* [TASK TO CARRY OUT] Determine how many lines in these records hold "True". Only the number is wanted.

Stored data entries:
definition pell_heights :: "nat \<Rightarrow> nat \<Rightarrow> nat list set" where
  "pell_heights k n = heights k ` pell_strings n k"

lemma length_pell_heights: "h \<in> pell_heights k n \<Longrightarrow> length h = n"
  by (auto simp: pell_heights_def pell_strings_eq)

lemma Cons_mem_pell_heights:
  "x # h \<in> pell_heights k (Suc n) \<longleftrightarrow>
     x < k \<and> h \<in> pell_heights k n \<or>
     x = k \<and> (\<exists>m h'. n = Suc m \<and> h = (k - 1) # h' \<and> h' \<in> pell_heights k m)"
proof
  assume "x # h \<in> pell_heights k (Suc n)"
  then obtain w where w: "pell_word k w" "length w = Suc n" "x # h = heights k w"
    by (auto simp: pell_heights_def pell_strings_eq)
  from w(1) show "x < k \<and> h \<in> pell_heights k n \<or>
      x = k \<and> (\<exists>m h'. n = Suc m \<and> h = (k - 1) # h' \<and> h' \<in> pell_heights k m)"
    by (cases rule: pell_word_cases) (use w in \<open>auto simp: pell_heights_def pell_strings_eq\<close>)
next
  assume "x < k \<and> h \<in> pell_heights k n \<or>
      x = k \<and> (\<exists>m h'. n = Suc m \<and> h = (k - 1) # h' \<and> h' \<in> pell_heights k m)"
  then show "x # h \<in> pell_heights k (Suc n)"
  proof (elim disjE conjE exE)
    assume "x < k" "h \<in> pell_heights k n"
    then obtain w where "pell_word k w" "length w = n" "h = heights k w"
      by (auto simp: pell_heights_def pell_strings_eq)
    with \<open>x < k\<close> show ?thesis
      by (auto simp: pell_heights_def pell_strings_eq pell_word_Cons intro!: image_eqI[of _ _ "x # w"])
  next
    fix m h' assume "x = k" "n = Suc m" "h = (k - 1) # h'" "h' \<in> pell_heights k m"
    then obtain w where "pell_word k w" "length w = m" "h' = heights k w"
      by (auto simp: pell_heights_def pell_strings_eq)
    with \<open>x = k\<close> \<open>n = Suc m\<close> \<open>h = (k - 1) # h'\<close> show ?thesis
      by (auto simp: pell_heights_def pell_strings_eq intro!: image_eqI[of _ _ "k # k # w"])
  qed
qed

section \<open>Counting boxes of Pell heights\<close>

definition pell_boxes :: "nat \<Rightarrow> nat \<Rightarrow> (nat \<times> bool) list set" where
  "pell_boxes k n = {bs. box bs \<subseteq> pell_heights k n}"

lemma box_subset_Cons_image:
  "box bs \<subseteq> Cons y ` X \<longleftrightarrow> (\<exists>bs'. bs = (y, False) # bs' \<and> box bs' \<subseteq> X)"
proof (cases bs)
  case Nil
  then show ?thesis by auto
next
  case (Cons c bs')
  obtain b free where c: "c = (b, free)" by fastforce
  have "Suc b # map fst bs' \<notin> Cons b ` X" by auto
  then show ?thesis
    using box_nonempty[of bs'] by (auto simp: Cons c box_Cons)
qed

lemma Cons_image_box_subset_pell_heights:
  "Cons x ` box bs \<subseteq> pell_heights k (Suc n) \<longleftrightarrow>
     x < k \<and> bs \<in> pell_boxes k n \<or>
     x = k \<and> (\<exists>m bs'. n = Suc m \<and> bs = (k - 1, False) # bs' \<and> bs' \<in> pell_boxes k m)"
proof
  assume sub: "Cons x ` box bs \<subseteq> pell_heights k (Suc n)"
  have "x < k \<or> x = k \<and> (\<exists>m. n = Suc m)"
    using sub box_nonempty[of bs] Cons_mem_pell_heights by blast
  moreover have "bs \<in> pell_boxes k n" if "x < k"
    using sub that Cons_mem_pell_heights by (auto simp: pell_boxes_def)
  moreover have "\<exists>bs'. bs = (k - 1, False) # bs' \<and> bs' \<in> pell_boxes k m" if "x = k" "n = Suc m" for m
  proof -
    have "h \<in> Cons (k - 1) ` pell_heights k m" if "h \<in> box bs" for h
    proof -
      have "k # h \<in> pell_heights k (Suc n)" using sub \<open>x = k\<close> that by blast
      then show ?thesis using \<open>n = Suc m\<close> by (auto simp: Cons_mem_pell_heights)
    qed
    then have "box bs \<subseteq> Cons (k - 1) ` pell_heights k m" by blast
    then show ?thesis by (simp add: box_subset_Cons_image pell_boxes_def)
  qed
  ultimately show "x < k \<and> bs \<in> pell_boxes k n \<or>
      x = k \<and> (\<exists>m bs'. n = Suc m \<and> bs = (k - 1, False) # bs' \<and> bs' \<in> pell_boxes k m)"
    by blast
next
  assume "x < k \<and> bs \<in> pell_boxes k n \<or>
      x = k \<and> (\<exists>m bs'. n = Suc m \<and> bs = (k - 1, False) # bs' \<and> bs' \<in> pell_boxes k m)"
  then show "Cons x ` box bs \<subseteq> pell_heights k (Suc n)"
  proof (elim disjE conjE exE)
    assume "x < k" "bs \<in> pell_boxes k n"
    then show ?thesis by (auto simp: pell_boxes_def Cons_mem_pell_heights)
  next
    fix m bs' assume "x = k" "n = Suc m" "bs = (k - 1, False) # bs'" "bs' \<in> pell_boxes k m"
    then show ?thesis by (auto simp: pell_boxes_def Cons_mem_pell_heights box_Cons)
  qed
qed

lemma Cons_mem_pell_boxes:
  assumes "k \<ge> 1"
  shows "(b, free) # bs \<in> pell_boxes k (Suc n) \<longleftrightarrow>
    (if free then Suc b < k else b < k) \<and> bs \<in> pell_boxes k n \<or>
    b = (if free then k - 1 else k) \<and>
      (\<exists>m bs'. n = Suc m \<and> bs = (k - 1, False) # bs' \<and> bs' \<in> pell_boxes k m)"
proof (cases free)
  case False
  then show ?thesis
    using Cons_image_box_subset_pell_heights[of b bs k n] by (simp add: pell_boxes_def box_Cons)
next
  case True
  define E where "E \<longleftrightarrow> (\<exists>m bs'. n = Suc m \<and> bs = (k - 1, False) # bs' \<and> bs' \<in> pell_boxes k m)"
  have "bs \<in> pell_boxes k n" if E
  proof -
    from \<open>E\<close> obtain m bs' where "n = Suc m" "bs = (k - 1, False) # bs'" "bs' \<in> pell_boxes k m"
      by (auto simp: E_def)
    then show ?thesis
      using assms Cons_image_box_subset_pell_heights[of "k - 1" bs' k m]
      by (simp add: pell_boxes_def box_Cons)
  qed
  moreover have "(b, free) # bs \<in> pell_boxes k (Suc n) \<longleftrightarrow>
      (b < k \<and> bs \<in> pell_boxes k n \<or> b = k \<and> E) \<and> (Suc b < k \<and> bs \<in> pell_boxes k n \<or> Suc b = k \<and> E)"
    using Cons_image_box_subset_pell_heights[of b bs k n]
      Cons_image_box_subset_pell_heights[of "Suc b" bs k n] True
    by (simp add: pell_boxes_def box_Cons E_def)
  ultimately show ?thesis
    using True assms by (auto simp: E_def)
qed

lemma Nil_notin_pell_boxes_Suc: "[] \<notin> pell_boxes k (Suc n)"
  using length_pell_heights[of "[]" k "Suc n"] by (auto simp: pell_boxes_def)

lemma pell_boxes_0: "pell_boxes k 0 = {[]}"
proof -
  have "pell_heights k 0 = {[]}"
    by (auto simp: pell_heights_def pell_strings_eq)
  moreover have "box bs \<subseteq> {[]} \<longleftrightarrow> bs = []" for bs
    using box_nonempty[of bs] by auto
  ultimately show ?thesis by (auto simp: pell_boxes_def)
qed

lemma pell_boxes_Suc:
  assumes "k \<ge> 1"
  shows "pell_boxes k (Suc n) =
    (\<lambda>(b, bs). (b, False) # bs) ` ({..<k} \<times> pell_boxes k n) \<union>
    (\<lambda>(b, bs). (b, True) # bs) ` ({..<k - 1} \<times> pell_boxes k n) \<union>
    (case n of 0 \<Rightarrow> {} | Suc m \<Rightarrow>
       Cons (k, False) ` Cons (k - 1, False) ` pell_boxes k m \<union>
       Cons (k - 1, True) ` Cons (k - 1, False) ` pell_boxes k m)" (is "_ = ?R")
proof (rule set_eqI)
  fix bs
  show "bs \<in> pell_boxes k (Suc n) \<longleftrightarrow> bs \<in> ?R"
  proof (cases bs)
    case Nil
    then show ?thesis using Nil_notin_pell_boxes_Suc by (auto split: nat.splits)
  next
    case (Cons c bs')
    obtain b free where "c = (b, free)" by fastforce
    then show ?thesis
      using Cons Cons_mem_pell_boxes[OF assms, of b free bs' n] assms
      by (cases free) (auto split: nat.splits)
  qed
qed

lemma finite_pell_boxes: "finite (pell_boxes k n)"
proof (rule finite_imageD)
  have "finite (pell_heights k n)" by (simp add: pell_heights_def finite_pell_strings)
  then show "finite (box ` pell_boxes k n)"
    by (rule finite_subset[rotated, OF finite_Pow_iff[THEN iffD2]]) (auto simp: pell_boxes_def)
  show "inj_on box (pell_boxes k n)" by (auto intro: inj_onI box_inj)
qed

definition box_poly :: "(nat \<times> bool) list set \<Rightarrow> int poly" where
  "box_poly A = (\<Sum>bs\<in>A. monom 1 (box_dim bs))"

lemma box_poly_empty [simp]: "box_poly {} = 0"
  by (simp add: box_poly_def)

lemma coeff_box_poly: "finite A \<Longrightarrow> coeff (box_poly A) d = int (card {bs \<in> A. box_dim bs = d})"
  by (simp add: box_poly_def coeff_sum sum.If_cases Int_def)

lemma box_poly_union:
  "finite A \<Longrightarrow> finite B \<Longrightarrow> A \<inter> B = {} \<Longrightarrow> box_poly (A \<union> B) = box_poly A + box_poly B"
  by (simp add: box_poly_def sum.union_disjoint)

lemma box_poly_Cons_image:
  "box_poly (Cons (b, free) ` A) = (if free then [:0, 1:] else 1) * box_poly A"
  unfolding box_poly_def by (simp add: sum.reindex sum_distrib_left monom_Suc)

lemma box_poly_prepend:
  "box_poly ((\<lambda>(b, bs). (b, free) # bs) ` (B \<times> A)) =
     of_nat (card B) * (if free then [:0, 1:] else 1) * box_poly A"
proof -
  have "inj_on (\<lambda>(b, bs). (b, free) # bs) (B \<times> A)" by (auto intro: inj_onI)
  then have "box_poly ((\<lambda>(b, bs). (b, free) # bs) ` (B \<times> A)) =
      (\<Sum>b\<in>B. \<Sum>bs\<in>A. monom 1 (box_dim ((b, free) # bs)))"
    by (simp add: box_poly_def sum.reindex sum.cartesian_product' del: box_dim_Cons)
  also have "\<dots> = of_nat (card B) * (if free then [:0, 1:] else 1) * box_poly A"
    by (simp add: box_poly_def sum_distrib_left monom_Suc)
  finally show ?thesis .
qed

lemma box_poly_pell_boxes_Suc:
  assumes "k \<ge> 2"
  shows "box_poly (pell_boxes k (Suc n)) =
    [:int k, int k - 1:] * box_poly (pell_boxes k n) +
    (case n of 0 \<Rightarrow> 0 | Suc m \<Rightarrow> [:1, 1:] * box_poly (pell_boxes k m))"
proof -
  define P where "P n = box_poly (pell_boxes k n)" for n
  define letters where "letters = (\<lambda>(b, bs). (b, False) # bs) ` ({..<k} \<times> pell_boxes k n)"
  define edges where "edges = (\<lambda>(b, bs). (b, True) # bs) ` ({..<k - 1} \<times> pell_boxes k n)"
  define blocks where "blocks m = Cons (k, False) ` Cons (k - 1, False) ` pell_boxes k m" for m
  define block_edges where
    "block_edges m = Cons (k - 1, True) ` Cons (k - 1, False) ` pell_boxes k m" for m
  have fin: "finite letters" "finite edges" "finite (blocks m)" "finite (block_edges m)" for m
    by (simp_all add: letters_def edges_def blocks_def block_edges_def finite_pell_boxes)
  have disj: "letters \<inter> edges = {}" "(letters \<union> edges) \<inter> (blocks m \<union> block_edges m) = {}"
    "blocks m \<inter> block_edges m = {}" for m
    using assms by (auto simp: letters_def edges_def blocks_def block_edges_def)
  have "P (Suc n) = box_poly (letters \<union> edges \<union>
      (case n of 0 \<Rightarrow> {} | Suc m \<Rightarrow> blocks m \<union> block_edges m))"
    unfolding P_def letters_def edges_def blocks_def block_edges_def
    using assms by (subst pell_boxes_Suc) simp_all
  also have "\<dots> = box_poly letters + box_poly edges +
      (case n of 0 \<Rightarrow> 0 | Suc m \<Rightarrow> box_poly (blocks m) + box_poly (block_edges m))"
    using fin disj by (simp add: box_poly_union split: nat.split)
  also have "\<dots> = (of_nat k + of_nat (k - 1) * [:0, 1:]) * P n +
      (case n of 0 \<Rightarrow> 0 | Suc m \<Rightarrow> [:1, 1:] * P m)"
    by (simp add: P_def letters_def edges_def blocks_def block_edges_def box_poly_prepend
        box_poly_Cons_image algebra_simps split: nat.split)
  also have "of_nat k + of_nat (k - 1) * [:0, 1:] = [:int k, int k - 1:]"
    using assms by (simp add: of_nat_poly)
  finally show ?thesis by (simp add: P_def split: nat.split)
qed

lemma pell_cube_poly_eq_box_poly:
  assumes "k \<ge> 2"
  shows "pell_cube_poly n k = box_poly (pell_boxes k n)"
proof (rule poly_eqI)
  fix d
  have "inj_on (heights k) (pell_strings n k)"
  proof (rule inj_onI)
    fix u v assume "u \<in> pell_strings n k" "v \<in> pell_strings n k" "heights k u = heights k v"
    then show "u = v" by (intro heights_inj[of k u v]) (simp_all add: pell_strings_eq)
  qed
  then have bij: "bij_betw (heights k) (pell_strings n k) (pell_heights k n)"
    by (simp add: bij_betw_def pell_heights_def)
  have "coeff (pell_cube_poly n k) d = int (cube_count (pell_strings n k) (pell_adj k) d)"
    by (simp add: pell_cube_poly_def coeff_cube_poly finite_pell_strings)
  also have "cube_count (pell_strings n k) (pell_adj k) d = cube_count (pell_heights k n) grid_adj d"
    using pell_adj_iff_grid_adj[OF assms]
    by (intro cube_count_iso[OF bij, symmetric]) (simp add: pell_strings_eq)
  also have "\<dots> = card {bs. box_dim bs = d \<and> box bs \<subseteq> pell_heights k n}"
    by (rule cube_count_grid[where n = n]) (simp add: length_pell_heights)
  also have "\<dots> = card {bs \<in> pell_boxes k n. box_dim bs = d}"
    by (simp add: pell_boxes_def conj_commute)
  finally show "coeff (pell_cube_poly n k) d = coeff (box_poly (pell_boxes k n)) d"
    by (simp add: coeff_box_poly finite_pell_boxes)
qed

section \<open>The generating function\<close>

lemma fps_two_term_recurrence:
  fixes a b :: "'a :: comm_ring_1"
  assumes "P 0 = 1" "P 1 = a" "\<And>n. P (Suc (Suc n)) = a * P (Suc n) + b * P n"
  shows "Abs_fps P * (1 - fps_const a * fps_X - fps_const b * fps_X ^ 2) = 1"
proof (rule fps_ext)
  fix m
  have "Abs_fps P * (1 - fps_const a * fps_X - fps_const b * fps_X ^ 2) =
      Abs_fps P - fps_const a * (fps_X * Abs_fps P) - fps_const b * (fps_X ^ 2 * Abs_fps P)"
    by (simp add: algebra_simps)
  then have nth: "fps_nth (Abs_fps P * (1 - fps_const a * fps_X - fps_const b * fps_X ^ 2)) m =
      P m - a * (if m = 0 then 0 else P (m - 1)) - b * (if m < 2 then 0 else P (m - 2))"
    by (simp add: fps_X_power_mult_nth)
  consider "m = 0" | "m = 1" | n where "m = Suc (Suc n)"
    by (metis One_nat_def not0_implies_Suc)
  then show "fps_nth (Abs_fps P * (1 - fps_const a * fps_X - fps_const b * fps_X ^ 2)) m =
      fps_nth 1 m"
    using nth assms(1,3) assms(2)[unfolded One_nat_def] by cases simp_all
qed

* [WORKED SOLUTION] 7